TRY IT: Check each line of the entries below for the word "open", and copy the lines that have it.

____ DATA SHOWN

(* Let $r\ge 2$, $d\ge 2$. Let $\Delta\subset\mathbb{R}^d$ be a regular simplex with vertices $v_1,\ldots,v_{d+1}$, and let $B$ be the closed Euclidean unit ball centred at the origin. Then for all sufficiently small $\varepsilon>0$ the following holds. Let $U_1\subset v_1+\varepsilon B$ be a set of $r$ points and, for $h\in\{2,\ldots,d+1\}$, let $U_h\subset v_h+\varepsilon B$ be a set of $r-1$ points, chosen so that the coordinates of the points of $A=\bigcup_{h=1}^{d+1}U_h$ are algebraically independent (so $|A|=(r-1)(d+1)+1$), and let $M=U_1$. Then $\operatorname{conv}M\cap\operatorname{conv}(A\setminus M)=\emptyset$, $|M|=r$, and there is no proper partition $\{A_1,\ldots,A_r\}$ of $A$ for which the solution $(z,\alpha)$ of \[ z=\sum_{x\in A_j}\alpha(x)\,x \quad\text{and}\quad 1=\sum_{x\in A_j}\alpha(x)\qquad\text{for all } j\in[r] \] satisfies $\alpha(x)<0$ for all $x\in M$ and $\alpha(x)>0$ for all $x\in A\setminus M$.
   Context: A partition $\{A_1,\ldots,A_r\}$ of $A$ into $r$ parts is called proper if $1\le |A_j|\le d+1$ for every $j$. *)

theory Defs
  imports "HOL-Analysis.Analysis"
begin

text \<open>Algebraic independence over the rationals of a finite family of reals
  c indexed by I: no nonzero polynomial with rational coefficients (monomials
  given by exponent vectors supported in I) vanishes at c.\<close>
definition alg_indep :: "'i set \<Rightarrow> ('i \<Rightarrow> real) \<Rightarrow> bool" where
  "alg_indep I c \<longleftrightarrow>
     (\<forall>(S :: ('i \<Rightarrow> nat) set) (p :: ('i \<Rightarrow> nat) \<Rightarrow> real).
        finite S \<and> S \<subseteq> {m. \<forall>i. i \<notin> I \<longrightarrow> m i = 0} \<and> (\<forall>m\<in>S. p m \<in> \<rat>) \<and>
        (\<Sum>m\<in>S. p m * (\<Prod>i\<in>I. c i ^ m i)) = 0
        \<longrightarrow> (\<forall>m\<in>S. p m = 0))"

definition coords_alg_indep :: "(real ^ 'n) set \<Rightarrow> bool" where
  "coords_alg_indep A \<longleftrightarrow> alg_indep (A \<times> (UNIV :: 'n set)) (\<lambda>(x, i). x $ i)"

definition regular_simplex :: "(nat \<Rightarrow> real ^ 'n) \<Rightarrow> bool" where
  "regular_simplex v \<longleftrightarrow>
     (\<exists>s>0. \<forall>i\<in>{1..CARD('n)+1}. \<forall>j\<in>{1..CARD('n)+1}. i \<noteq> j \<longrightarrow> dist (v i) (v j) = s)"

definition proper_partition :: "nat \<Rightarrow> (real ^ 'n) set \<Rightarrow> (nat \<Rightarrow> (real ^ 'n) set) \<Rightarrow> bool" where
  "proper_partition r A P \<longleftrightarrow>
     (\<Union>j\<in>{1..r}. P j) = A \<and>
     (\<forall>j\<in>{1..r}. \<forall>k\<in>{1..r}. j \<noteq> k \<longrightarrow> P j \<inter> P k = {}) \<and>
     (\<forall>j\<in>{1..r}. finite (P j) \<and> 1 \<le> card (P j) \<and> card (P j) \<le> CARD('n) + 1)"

________
____ DATA SHOWN

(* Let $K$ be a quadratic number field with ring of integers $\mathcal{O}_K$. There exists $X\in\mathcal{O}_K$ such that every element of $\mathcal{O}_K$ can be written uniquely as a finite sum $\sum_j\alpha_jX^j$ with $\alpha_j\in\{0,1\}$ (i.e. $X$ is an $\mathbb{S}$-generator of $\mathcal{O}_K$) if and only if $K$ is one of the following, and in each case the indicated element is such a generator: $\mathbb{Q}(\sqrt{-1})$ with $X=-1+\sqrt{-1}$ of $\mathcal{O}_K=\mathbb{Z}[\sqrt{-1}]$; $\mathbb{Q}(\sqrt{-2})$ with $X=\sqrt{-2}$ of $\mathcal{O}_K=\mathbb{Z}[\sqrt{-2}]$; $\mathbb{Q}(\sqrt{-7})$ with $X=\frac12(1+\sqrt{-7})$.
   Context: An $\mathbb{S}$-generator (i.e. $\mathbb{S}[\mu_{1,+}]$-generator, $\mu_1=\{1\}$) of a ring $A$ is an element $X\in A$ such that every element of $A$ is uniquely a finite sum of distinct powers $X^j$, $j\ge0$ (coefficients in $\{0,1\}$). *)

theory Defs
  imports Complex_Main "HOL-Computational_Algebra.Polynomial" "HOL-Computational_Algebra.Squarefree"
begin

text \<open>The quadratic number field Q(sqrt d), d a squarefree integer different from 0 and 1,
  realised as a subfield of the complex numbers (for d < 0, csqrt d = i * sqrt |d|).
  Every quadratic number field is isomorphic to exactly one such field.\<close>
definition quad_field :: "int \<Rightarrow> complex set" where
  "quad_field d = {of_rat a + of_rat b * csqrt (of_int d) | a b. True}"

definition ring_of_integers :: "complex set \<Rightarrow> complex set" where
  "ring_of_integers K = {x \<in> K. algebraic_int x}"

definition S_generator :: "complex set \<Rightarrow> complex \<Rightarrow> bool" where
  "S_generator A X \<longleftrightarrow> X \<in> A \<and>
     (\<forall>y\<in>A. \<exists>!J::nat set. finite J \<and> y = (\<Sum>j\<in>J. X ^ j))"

________
____ DATA SHOWN

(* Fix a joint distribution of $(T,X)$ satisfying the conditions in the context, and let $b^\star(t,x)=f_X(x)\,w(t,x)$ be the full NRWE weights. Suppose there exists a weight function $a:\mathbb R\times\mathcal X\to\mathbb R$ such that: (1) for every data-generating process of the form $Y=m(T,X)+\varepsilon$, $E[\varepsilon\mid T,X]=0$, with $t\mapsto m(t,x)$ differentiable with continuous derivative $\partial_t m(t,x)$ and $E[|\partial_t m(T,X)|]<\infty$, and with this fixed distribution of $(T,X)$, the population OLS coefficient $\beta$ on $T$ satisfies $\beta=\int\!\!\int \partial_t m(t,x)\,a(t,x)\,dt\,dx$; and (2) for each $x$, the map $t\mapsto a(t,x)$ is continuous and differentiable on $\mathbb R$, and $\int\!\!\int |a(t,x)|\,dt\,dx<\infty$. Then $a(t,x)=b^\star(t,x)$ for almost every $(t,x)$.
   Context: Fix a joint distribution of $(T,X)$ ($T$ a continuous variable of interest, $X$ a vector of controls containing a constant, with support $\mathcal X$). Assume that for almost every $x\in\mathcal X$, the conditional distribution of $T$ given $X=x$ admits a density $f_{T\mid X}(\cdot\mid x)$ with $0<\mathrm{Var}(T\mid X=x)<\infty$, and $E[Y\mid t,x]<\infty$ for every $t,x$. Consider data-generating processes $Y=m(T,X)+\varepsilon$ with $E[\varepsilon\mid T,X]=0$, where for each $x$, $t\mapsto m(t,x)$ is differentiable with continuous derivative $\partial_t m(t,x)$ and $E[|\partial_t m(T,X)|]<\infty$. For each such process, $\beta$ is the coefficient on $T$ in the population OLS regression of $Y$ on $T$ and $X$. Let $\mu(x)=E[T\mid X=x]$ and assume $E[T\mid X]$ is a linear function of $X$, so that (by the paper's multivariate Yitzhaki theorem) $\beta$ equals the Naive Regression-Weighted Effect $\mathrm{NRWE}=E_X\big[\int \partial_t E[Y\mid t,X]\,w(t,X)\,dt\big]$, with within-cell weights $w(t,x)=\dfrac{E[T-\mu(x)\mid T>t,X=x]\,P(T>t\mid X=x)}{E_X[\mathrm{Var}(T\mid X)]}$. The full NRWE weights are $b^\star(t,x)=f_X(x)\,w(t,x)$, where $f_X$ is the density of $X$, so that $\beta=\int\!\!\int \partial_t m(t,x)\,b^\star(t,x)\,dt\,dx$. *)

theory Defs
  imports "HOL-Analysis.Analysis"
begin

________

YOUR SOLUTION:
text \<open>Algebraic independence over the rationals of a finite family of reals
text \<open>The quadratic number field Q(sqrt d), d a squarefree integer different from 0 and 1,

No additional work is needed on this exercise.